JACQUES. — Ma chère madame, je vois que vous avez la tête vive. Tout à l’heure vous pleuriez, et j’ai remarqué que vous êtes fort nerveuse. Tout cela n’est ni de l’enthousiasme, ni de la sensibilité. Cependant, ce n’est pas de la sécheresse, ni de l’indifférence… Eh bien, voulez-vous, avant que je vous quitte, car il me semble que vous désirez être seule, que je vous dise tout à fait vos vérités.

DIANE — Oui, oui, dites. Je ne suis pas pressée de vous voir partir.

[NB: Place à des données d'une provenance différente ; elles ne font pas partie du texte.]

(* Let $K$ be any real number field and let $a',b'$ be arbitrary nonzero elements of $K$. Then there exist a generator $g'$ of $K$ (i.e. $\mathbb{Q}(g')=K$) and $x,y,z\in K$ such that $$a'x^2 + b'y^2 - a'b'z^2 = g'.$$
   Context: A real number field is a field $K\subset\mathbb{R}$ with $[K:\mathbb{Q}]<\infty$. *)

theory Defs
  imports Complex_Main
begin

definition subfield_of_real :: "real set \<Rightarrow> bool" where
  "subfield_of_real K \<longleftrightarrow>
     0 \<in> K \<and> 1 \<in> K \<and>
     (\<forall>x\<in>K. \<forall>y\<in>K. x + y \<in> K \<and> x * y \<in> K) \<and>
     (\<forall>x\<in>K. - x \<in> K) \<and>
     (\<forall>x\<in>K. x \<noteq> 0 \<longrightarrow> inverse x \<in> K)"

definition finite_over_rat :: "real set \<Rightarrow> bool" where
  "finite_over_rat K \<longleftrightarrow>
     (\<exists>B. finite B \<and> B \<subseteq> K \<and>
          K = {\<Sum>b\<in>B. of_rat (c b) * b | c :: real \<Rightarrow> rat. True})"

definition real_number_field :: "real set \<Rightarrow> bool" where
  "real_number_field K \<longleftrightarrow> subfield_of_real K \<and> finite_over_rat K"

definition generated_subfield :: "real \<Rightarrow> real set" where
  "generated_subfield g = \<Inter>{F. subfield_of_real F \<and> g \<in> F}"

end

(*
  Take y = z = 0: it suffices to find \<theta> \<in> K with \<rat>(\<theta>\<^sup>2/a') = K, and then x = \<theta>/a'.
  Let \<delta> be a primitive element of K and f, h nonzero rational polynomials with f(a') = 0 and
  h(\<delta>) = 0. For rational r put \<theta> = \<delta> + r and F = \<rat>(\<theta>\<^sup>2/a'). Then \<theta> is a common complex
  root of h(X - r) and f(a' X\<^sup>2/\<theta>\<^sup>2), two polynomials with coefficients in F, and for all but
  finitely many r it is their only common root. A unique common root of two polynomials over a
  field F lies in F: Euclid's algorithm, run inside F, produces a polynomial over F whose only
  root is \<theta>, i.e. c (X - \<theta>)\<^sup>m, and \<theta> is a quotient of its two top coefficients.
  Hence \<delta> = \<theta> - r \<in> F and F = K. The same device, applied to h(X) and f(\<gamma> - r X) with
  \<gamma> = \<alpha> + r \<beta>, gives the primitive element theorem.
*)

theory Submission
  imports Defs "HOL-Computational_Algebra.Fundamental_Theorem_Algebra"
begin

section \<open>Subfields\<close>

definition subfield :: "'a::field set \<Rightarrow> bool" where
  "subfield S \<longleftrightarrow>
     0 \<in> S \<and> 1 \<in> S \<and>
     (\<forall>x\<in>S. \<forall>y\<in>S. x + y \<in> S \<and> x * y \<in> S) \<and>
     (\<forall>x\<in>S. - x \<in> S) \<and>
     (\<forall>x\<in>S. x \<noteq> 0 \<longrightarrow> inverse x \<in> S)"

lemma subfield_of_real_iff: "subfield_of_real K \<longleftrightarrow> subfield K"
  by (simp add: subfield_of_real_def subfield_def)

context
  fixes S :: "'a::field set"
  assumes S: "subfield S"
begin

lemma subfield_zero: "0 \<in> S"
  and subfield_one: "1 \<in> S"
  and subfield_add: "x \<in> S \<Longrightarrow> y \<in> S \<Longrightarrow> x + y \<in> S"
  and subfield_mult: "x \<in> S \<Longrightarrow> y \<in> S \<Longrightarrow> x * y \<in> S"
  and subfield_uminus: "x \<in> S \<Longrightarrow> - x \<in> S"
  using S by (simp_all add: subfield_def)

lemma subfield_inverse: "x \<in> S \<Longrightarrow> inverse x \<in> S"
  using S by (cases "x = 0") (auto simp: subfield_def)

lemma subfield_diff: "x \<in> S \<Longrightarrow> y \<in> S \<Longrightarrow> x - y \<in> S"
  using subfield_add[of x "- y"] subfield_uminus by simp

lemma subfield_divide: "x \<in> S \<Longrightarrow> y \<in> S \<Longrightarrow> x / y \<in> S"
  using subfield_mult[of x "inverse y"] subfield_inverse by (simp add: divide_inverse)

lemma subfield_power: "x \<in> S \<Longrightarrow> x ^ n \<in> S"
  by (induction n) (auto intro: subfield_mult subfield_one)

lemma subfield_sum: "(\<And>x. x \<in> A \<Longrightarrow> f x \<in> S) \<Longrightarrow> sum f A \<in> S"
  by (induction A rule: infinite_finite_induct) (auto intro: subfield_add subfield_zero)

JACQUES. — Vous ne vous fâcherez pas ? vous ne vous chagrinerez pas ? Mais vous essayerez de traiter votre maladie, car vous m’avez appelé en consultation, et vous m’avez tourmenté, supplié et taquiné tant que j’ai refusé de faire le pédagogue ?

DIANE. — Oui, cher pédagogue, parlez, je veux être sauvée par vous.

JACQUES. — Eh bien, écoutez ! Je vous connais, à présent, et vous ne vous connaissez pas du tout. — Savez-vous ce que vous êtes ? Vous vous prenez pour une impératrice, pour un tyran, pour une tête froide, orgueilleuse et forte. Rien de tout cela… Vous n’êtes qu’une enfant !

DIANE, abattue. — Une enfant ? Eh bien, cela vaut mieux peut-être.